With all these distractions, it is very hard to get a moment of peace, and yet, if you want to be better focused, you need some time each day for quiet reflection away from all those demands and noise.
Fifteen to twenty minutes alone in a quiet room—or better yet, in nature—will give you the time to reflect, to turn off, and enjoy the peace around you. Doing this will help you become more aware of what is going on around you and how you are feeling and brings some much-needed perspective to your life.
And when I say “listen,” I mean truly listen. Too often, we are not really listening. Instead, we are thinking of the next thing to say or being judgmental about what the other person is saying. Stop this. It does you no good and is not helpful to the person you are talking with or yourself.
When you stop judging and start listening, you will soon see another perspective. You may not agree with that perspective or opinion, but remember that is all it is—a perspective or opinion. You are not duty-bound to agree with them or change another person’s viewpoint, but you will find yourself better understanding why a person thinks that way if you stop trying to change their opinions and instead, listen to what they have to say.

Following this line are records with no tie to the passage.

section \<open>Integrable singularities in \<open>\<real>\<^sup>3\<close>\<close>

lemma ennreal_inverse_antimono:
  fixes a b :: ennreal
  assumes "a \<le> b"
  shows "inverse b \<le> inverse a"
proof (cases "a = 0")
  case False
  with assms show ?thesis
    by (cases a; cases b) (auto simp: inverse_ennreal le_imp_inverse_le top_unique)
qed simp

lemma nn_integral_lborel_prod_3:
  fixes g1 g2 g3 :: "real \<Rightarrow> ennreal"
  assumes [measurable]: "g1 \<in> borel_measurable borel" "g2 \<in> borel_measurable borel"
    "g3 \<in> borel_measurable borel"
  shows "(\<integral>\<^sup>+x. g1 (x$1) * g2 (x$2) * g3 (x$3) \<partial>(lborel :: (real^3) measure))
      = (\<integral>\<^sup>+t. g1 t \<partial>lborel) * (\<integral>\<^sup>+t. g2 t \<partial>lborel) * (\<integral>\<^sup>+t. g3 t \<partial>lborel)"
proof -
  have basis: "(Basis :: (real^3) set) = {axis 1 1, axis 2 1, axis 3 1}"
  proof -
    have "(Basis :: (real^3) set) = (\<lambda>i. axis i 1) ` UNIV"
      unfolding Basis_vec_def by auto
    also have "(UNIV :: 3 set) = {1, 2, 3}"
      using exhaust_3 by auto
    finally show ?thesis
      by simp
  qed
  have distinct: "axis (1::3) (1::real) \<noteq> axis 2 1" "axis (1::3) (1::real) \<noteq> axis 3 1"
    "axis (2::3) (1::real) \<noteq> axis 3 1"
    by (simp_all add: axis_eq_axis)
  define f where "f b = (if b = axis 1 1 then g1 else if b = axis 2 1 then g2 else g3)"
    for b :: "real^3"
  have "(\<integral>\<^sup>+x. (\<Prod>b\<in>Basis. f b (x \<bullet> b)) \<partial>(lborel :: (real^3) measure))
      = (\<Prod>b\<in>Basis. (\<integral>\<^sup>+t. f b t \<partial>lborel))"
    by (rule nn_integral_lborel_prod) (auto simp: f_def)
  then show ?thesis
    unfolding basis using distinct by (simp add: f_def inner_axis mult.assoc)
qed

text \<open>Singular kernels are written as \<open>inverse (ennreal r)\<close>, which is \<open>\<infinity>\<close> at \<open>r = 0\<close>;
  so the pointwise bounds below hold everywhere, not just off the singular set.\<close>

lemma nn_integral_inverse_powr_interval_finite:
  assumes "0 \<le> a" "a < 1" "0 \<le> R"
  shows "(\<integral>\<^sup>+t. indicator {-R..R} t * inverse (ennreal (\<bar>t\<bar> powr a)) \<partial>lborel) < \<infinity>"
proof -
  define g where "g t = ennreal (indicator {0..R} t * t powr (-a))" for t :: real
  have [measurable]: "g \<in> borel_measurable borel"
    unfolding g_def by measurable
  have g_finite: "(\<integral>\<^sup>+t. g t \<partial>lborel) = ennreal (R powr (1 - a) / (1 - a))"
    unfolding g_def
    by (rule nn_integral_has_integral_lebesgue)
       (use has_integral_powr_from_0[of "-a" R] assms in auto)
  have g_reflect: "(\<integral>\<^sup>+t. g (- t) \<partial>lborel) = (\<integral>\<^sup>+t. g t \<partial>lborel)"
    by (subst lborel_distr_uminus[symmetric]) (simp add: nn_integral_distr)
  have "(\<integral>\<^sup>+t. indicator {-R..R} t * inverse (ennreal (\<bar>t\<bar> powr a)) \<partial>lborel)
      \<le> (\<integral>\<^sup>+t. g t + g (- t) \<partial>lborel)"
  proof (rule nn_integral_mono_AE)
    show "AE t in lborel. indicator {-R..R} t * inverse (ennreal (\<bar>t\<bar> powr a)) \<le> g t + g (- t)"
      using AE_lborel_singleton[of 0]
      by eventually_elim
         (auto simp: g_def indicator_def inverse_ennreal powr_minus_divide divide_inverse
               simp flip: ennreal_plus)
  qed
  also have "\<dots> = (\<integral>\<^sup>+t. g t \<partial>lborel) + (\<integral>\<^sup>+t. g (- t) \<partial>lborel)"
    by (rule nn_integral_add) auto
  also have "\<dots> < \<infinity>"
    by (simp add: g_reflect g_finite)
  finally show ?thesis .
qed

I know this is hard to do because we naturally want other people to agree with our view of the world. But part of what makes humans so unique is we all have a different view of the world, and that is what makes us special. It would not be a nice world if everyone shared the same view of the world and events.
8. Practice Meditation
Giving yourself some time to meditate each day will help you become more mindful and more focused. Meditation is a form of training for the mind to stop thinking and just be.
Meditating each day does not have to be done for long. I’ve always found ten minutes every day works for me. Others prefer to do two sessions a day fifteen to twenty minutes in the morning and evening.
How long and how frequently you meditate is not relevant. Just doing a few minutes each day will help improve your focus. By training your mind to stop and just focus on your breathing or the sound of the refrigerator,+ you develop a powerful ability to focus.
It can be very difficult to focus on the “always-on” world we live in today. But if you want to perform at your very best and be more mindful at work, be aware of the needs of the people around you, and live a fulfilled, stress-free life.
Becoming more mindful about yourself and others is a great way to become more focused, less stressed, and ultimately, a lot happier.